Your goal
Only the lines with "auto" in the entries below belong in the answer; please copy them.

Records drawn from a dataset:
lemma bernstein_poly_mono_coeffs:
  assumes "\<And>k. k \<le> n \<Longrightarrow> a k \<le> b k" and "0 \<le> x" "x \<le> 1"
  shows "bernstein_poly n a x \<le> bernstein_poly n b x"
  unfolding bernstein_poly_def using assms by (intro sum_mono mult_right_mono Bernstein_nonneg) auto

lemma mono_on_bernstein_poly:
  assumes "\<And>k. k < n \<Longrightarrow> a k \<le> a (Suc k)"
  shows "mono_on {0..1} (bernstein_poly n a)"
  using assms
proof (induction n arbitrary: a)
  case 0
  then show ?case by (simp add: bernstein_poly_def Bernstein_def mono_on_def)
next
  case (Suc n)
  let ?a' = "\<lambda>k. a (Suc k)"
  have mono_a: "mono_on {0..1} (bernstein_poly n a)"
    and mono_a': "mono_on {0..1} (bernstein_poly n ?a')"
    using Suc by simp_all
  show ?case
  proof (rule mono_onI)
    fix x y :: real assume xy: "x \<in> {0..1}" "y \<in> {0..1}" "x \<le> y"
    have "bernstein_poly n a x \<le> bernstein_poly n a y"
      using mono_a xy by (rule mono_onD)
    moreover have "bernstein_poly n ?a' x \<le> bernstein_poly n ?a' y"
      using mono_a' xy by (rule mono_onD)
    moreover have "bernstein_poly n a x \<le> bernstein_poly n ?a' x"
      using Suc.prems xy by (intro bernstein_poly_mono_coeffs) auto
    ultimately have "0 \<le> (1 - y) * (bernstein_poly n a y - bernstein_poly n a x)
        + y * (bernstein_poly n ?a' y - bernstein_poly n ?a' x)
        + (y - x) * (bernstein_poly n ?a' x - bernstein_poly n a x)"
      using xy by (intro add_nonneg_nonneg mult_nonneg_nonneg) auto
    then show "bernstein_poly (Suc n) a x \<le> bernstein_poly (Suc n) a y"
      by (simp add: bernstein_poly_Suc algebra_simps)
  qed
qed

lemma nearest_int_rounding_Ints:
  assumes "nearest_int_rounding r" and "\<alpha> \<in> \<int>"
  shows "of_int (r \<alpha>) = \<alpha>"
proof -
  obtain m where m: "\<alpha> = of_int m" using assms(2) Ints_cases by blast
  have "\<bar>of_int (r \<alpha>) - \<alpha>\<bar> \<le> 1/2" using assms(1) by (simp add: nearest_int_rounding_def)
  then have "r \<alpha> = m" unfolding m by linarith
  then show ?thesis using m by simp
qed

lemma nearest_int_rounding_ge:
  assumes "nearest_int_rounding r" and "of_int m \<le> \<alpha>"
  shows "m \<le> r \<alpha>"
proof -
  have "\<bar>of_int (r \<alpha>) - \<alpha>\<bar> \<le> 1/2" using assms(1) by (simp add: nearest_int_rounding_def)
  then show ?thesis using assms(2) by linarith
qed
lemma norm_integral_le_of_nn_integral_le:
  fixes f :: "'a \<Rightarrow> 'b::{banach, second_countable_topology}" and h :: "'a \<Rightarrow> real"
  assumes "\<And>x. norm (f x) \<le> c * h x" "0 \<le> c" "\<And>x. 0 \<le> h x" "h \<in> borel_measurable M"
    and "(\<integral>\<^sup>+ x. ennreal (h x) \<partial>M) \<le> ennreal B" "0 \<le> B"
  shows "norm (integral\<^sup>L M f) \<le> c * B"
proof -
  have "ennreal (norm (integral\<^sup>L M f)) \<le> (\<integral>\<^sup>+ x. ennreal (norm (f x)) \<partial>M)"
    by (cases "integrable M f") (simp_all add: integral_norm_bound_ennreal not_integrable_integral_eq)
  also have "\<dots> \<le> (\<integral>\<^sup>+ x. ennreal c * ennreal (h x) \<partial>M)"
    using assms by (intro nn_integral_mono) (simp add: ennreal_mult[symmetric] ennreal_leI)
  also have "\<dots> = ennreal c * (\<integral>\<^sup>+ x. ennreal (h x) \<partial>M)"
    using assms(4) by (simp add: nn_integral_cmult)
  also have "\<dots> \<le> ennreal c * ennreal B"
    using assms(5) by (rule mult_left_mono) simp
  finally show ?thesis
    using assms by (simp add: ennreal_mult[symmetric])
qed

lemma abs_div_sqrt_diff_squares_le:
  fixes c C r s :: real
  assumes "\<bar>c\<bar> \<le> C" "0 < r" "r < s"
  shows "\<bar>c / sqrt (s\<^sup>2 - r\<^sup>2)\<bar> \<le> C / sqrt (2 * r) * (s - r) powr -(1/2)"
proof -
  have "2 * r * (s - r) \<le> (s + r) * (s - r)"
    using assms by (intro mult_right_mono) auto
  then have "sqrt (2 * r * (s - r)) \<le> sqrt (s\<^sup>2 - r\<^sup>2)"
    by (simp add: power2_eq_square algebra_simps)
  moreover have "0 < sqrt (2 * r * (s - r))"
    using assms by simp
  ultimately have "\<bar>c / sqrt (s\<^sup>2 - r\<^sup>2)\<bar> \<le> C / sqrt (2 * r * (s - r))"
    using assms by (simp add: abs_div) (intro frac_le, auto)
  also have "\<dots> = C / sqrt (2 * r) * (s - r) powr -(1/2)"
    using assms by (simp add: real_sqrt_mult powr_minus powr_half_sqrt divide_simps)
  finally show ?thesis .
qed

Written response
  unfolding bernstein_poly_def using assms by (intro sum_mono mult_right_mono Bernstein_nonneg) auto
      using Suc.prems xy by (intro bernstein_poly_mono_coeffs) auto
      using xy by (intro add_nonneg_nonneg mult_nonneg_nonneg) auto
    using assms by (intro mult_right_mono) auto
    using assms by (simp add: abs_div) (intro frac_le, auto)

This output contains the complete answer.